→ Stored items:

= Beginning of Section =

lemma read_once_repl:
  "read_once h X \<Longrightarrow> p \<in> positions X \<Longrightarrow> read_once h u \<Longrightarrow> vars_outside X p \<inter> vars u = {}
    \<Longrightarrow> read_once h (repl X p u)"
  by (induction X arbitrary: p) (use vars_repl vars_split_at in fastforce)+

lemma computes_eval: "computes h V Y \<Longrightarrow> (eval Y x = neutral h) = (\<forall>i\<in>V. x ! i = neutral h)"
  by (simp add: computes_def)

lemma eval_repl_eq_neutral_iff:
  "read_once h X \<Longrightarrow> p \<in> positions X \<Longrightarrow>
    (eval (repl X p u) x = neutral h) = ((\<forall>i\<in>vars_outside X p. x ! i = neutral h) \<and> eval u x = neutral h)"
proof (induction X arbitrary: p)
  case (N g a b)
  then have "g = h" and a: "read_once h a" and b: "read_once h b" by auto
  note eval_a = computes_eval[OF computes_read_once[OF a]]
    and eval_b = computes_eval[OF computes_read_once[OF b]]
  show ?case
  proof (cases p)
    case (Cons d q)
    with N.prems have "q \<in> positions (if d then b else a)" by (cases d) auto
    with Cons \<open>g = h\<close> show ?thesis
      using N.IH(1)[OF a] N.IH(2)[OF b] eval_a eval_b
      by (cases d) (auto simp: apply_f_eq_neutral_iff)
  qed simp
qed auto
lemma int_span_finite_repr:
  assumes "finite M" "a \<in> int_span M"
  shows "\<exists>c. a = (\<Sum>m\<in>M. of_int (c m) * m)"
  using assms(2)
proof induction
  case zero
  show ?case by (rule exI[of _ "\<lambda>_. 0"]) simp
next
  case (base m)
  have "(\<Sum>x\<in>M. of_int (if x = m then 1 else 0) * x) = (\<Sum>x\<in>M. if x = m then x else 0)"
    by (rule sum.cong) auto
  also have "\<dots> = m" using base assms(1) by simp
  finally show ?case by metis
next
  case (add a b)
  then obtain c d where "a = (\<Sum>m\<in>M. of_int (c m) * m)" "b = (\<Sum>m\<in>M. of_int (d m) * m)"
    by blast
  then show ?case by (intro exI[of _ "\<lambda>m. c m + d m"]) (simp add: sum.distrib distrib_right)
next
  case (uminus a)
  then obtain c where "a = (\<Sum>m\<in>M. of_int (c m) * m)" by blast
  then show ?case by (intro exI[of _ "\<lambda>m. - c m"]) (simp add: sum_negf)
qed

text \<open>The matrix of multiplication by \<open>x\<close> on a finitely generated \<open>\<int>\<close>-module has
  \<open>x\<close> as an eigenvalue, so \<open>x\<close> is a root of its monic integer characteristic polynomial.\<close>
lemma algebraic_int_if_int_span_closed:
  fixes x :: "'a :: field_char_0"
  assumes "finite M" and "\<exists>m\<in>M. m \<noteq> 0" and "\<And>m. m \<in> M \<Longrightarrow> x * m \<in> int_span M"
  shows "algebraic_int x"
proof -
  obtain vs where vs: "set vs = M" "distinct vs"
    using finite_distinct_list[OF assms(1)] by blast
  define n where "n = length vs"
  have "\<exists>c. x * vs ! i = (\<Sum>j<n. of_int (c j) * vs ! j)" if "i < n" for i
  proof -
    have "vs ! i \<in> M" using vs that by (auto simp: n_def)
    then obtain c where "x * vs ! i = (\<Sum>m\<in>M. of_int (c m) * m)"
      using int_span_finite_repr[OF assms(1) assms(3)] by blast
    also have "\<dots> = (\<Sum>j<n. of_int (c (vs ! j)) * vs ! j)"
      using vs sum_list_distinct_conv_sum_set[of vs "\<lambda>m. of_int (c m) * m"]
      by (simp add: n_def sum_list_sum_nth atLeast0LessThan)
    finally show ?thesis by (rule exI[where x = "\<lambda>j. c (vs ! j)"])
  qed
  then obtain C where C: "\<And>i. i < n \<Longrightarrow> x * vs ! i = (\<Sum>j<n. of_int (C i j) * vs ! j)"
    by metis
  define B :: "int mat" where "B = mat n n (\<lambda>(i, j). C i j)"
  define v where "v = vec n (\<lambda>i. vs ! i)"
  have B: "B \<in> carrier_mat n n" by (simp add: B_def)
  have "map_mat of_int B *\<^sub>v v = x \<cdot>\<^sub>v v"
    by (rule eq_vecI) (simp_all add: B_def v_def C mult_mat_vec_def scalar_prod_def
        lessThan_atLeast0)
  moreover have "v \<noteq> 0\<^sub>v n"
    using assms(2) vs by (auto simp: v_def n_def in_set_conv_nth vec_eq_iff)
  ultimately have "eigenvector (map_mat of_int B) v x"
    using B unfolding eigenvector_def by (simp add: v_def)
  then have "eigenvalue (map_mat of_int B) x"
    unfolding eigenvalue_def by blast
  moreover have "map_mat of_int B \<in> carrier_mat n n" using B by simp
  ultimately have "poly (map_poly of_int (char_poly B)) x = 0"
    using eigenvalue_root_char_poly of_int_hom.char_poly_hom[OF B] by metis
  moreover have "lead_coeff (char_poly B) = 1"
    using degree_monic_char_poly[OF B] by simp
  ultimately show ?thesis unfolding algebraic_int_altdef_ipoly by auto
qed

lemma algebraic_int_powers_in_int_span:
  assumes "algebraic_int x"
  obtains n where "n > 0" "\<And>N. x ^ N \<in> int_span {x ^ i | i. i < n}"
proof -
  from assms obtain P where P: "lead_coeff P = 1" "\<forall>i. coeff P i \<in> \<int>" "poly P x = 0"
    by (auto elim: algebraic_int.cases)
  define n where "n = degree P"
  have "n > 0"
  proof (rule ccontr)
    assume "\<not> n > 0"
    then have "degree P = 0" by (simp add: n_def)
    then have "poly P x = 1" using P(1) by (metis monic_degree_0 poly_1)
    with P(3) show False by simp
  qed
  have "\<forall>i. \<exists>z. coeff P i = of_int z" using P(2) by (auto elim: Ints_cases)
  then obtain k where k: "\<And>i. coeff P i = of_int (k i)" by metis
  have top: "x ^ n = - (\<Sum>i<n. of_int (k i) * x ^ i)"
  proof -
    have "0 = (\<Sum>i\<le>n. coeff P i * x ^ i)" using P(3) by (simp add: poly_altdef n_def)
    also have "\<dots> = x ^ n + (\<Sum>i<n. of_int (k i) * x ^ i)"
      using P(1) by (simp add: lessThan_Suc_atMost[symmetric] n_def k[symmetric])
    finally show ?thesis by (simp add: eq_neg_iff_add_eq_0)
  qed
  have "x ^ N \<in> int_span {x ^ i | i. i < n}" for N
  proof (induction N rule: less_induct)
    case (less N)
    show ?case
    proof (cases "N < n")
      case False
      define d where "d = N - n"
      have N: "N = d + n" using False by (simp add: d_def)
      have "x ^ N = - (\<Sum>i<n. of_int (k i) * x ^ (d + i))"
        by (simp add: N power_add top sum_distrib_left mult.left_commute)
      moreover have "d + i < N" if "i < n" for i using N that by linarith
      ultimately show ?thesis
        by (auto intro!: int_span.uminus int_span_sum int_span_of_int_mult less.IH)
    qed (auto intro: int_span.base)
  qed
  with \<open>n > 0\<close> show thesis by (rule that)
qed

= End of Section =

→ Work request: Extract the lines above, from the first one through the one containing "case (Cons d q)", and return only those, unchanged.

→ Written response:
lemma read_once_repl:
  "read_once h X \<Longrightarrow> p \<in> positions X \<Longrightarrow> read_once h u \<Longrightarrow> vars_outside X p \<inter> vars u = {}
    \<Longrightarrow> read_once h (repl X p u)"
  by (induction X arbitrary: p) (use vars_repl vars_split_at in fastforce)+

lemma computes_eval: "computes h V Y \<Longrightarrow> (eval Y x = neutral h) = (\<forall>i\<in>V. x ! i = neutral h)"
  by (simp add: computes_def)

lemma eval_repl_eq_neutral_iff:
  "read_once h X \<Longrightarrow> p \<in> positions X \<Longrightarrow>
    (eval (repl X p u) x = neutral h) = ((\<forall>i\<in>vars_outside X p. x ! i = neutral h) \<and> eval u x = neutral h)"
proof (induction X arbitrary: p)
  case (N g a b)
  then have "g = h" and a: "read_once h a" and b: "read_once h b" by auto
  note eval_a = computes_eval[OF computes_read_once[OF a]]
    and eval_b = computes_eval[OF computes_read_once[OF b]]
  show ?case
  proof (cases p)
    case (Cons d q)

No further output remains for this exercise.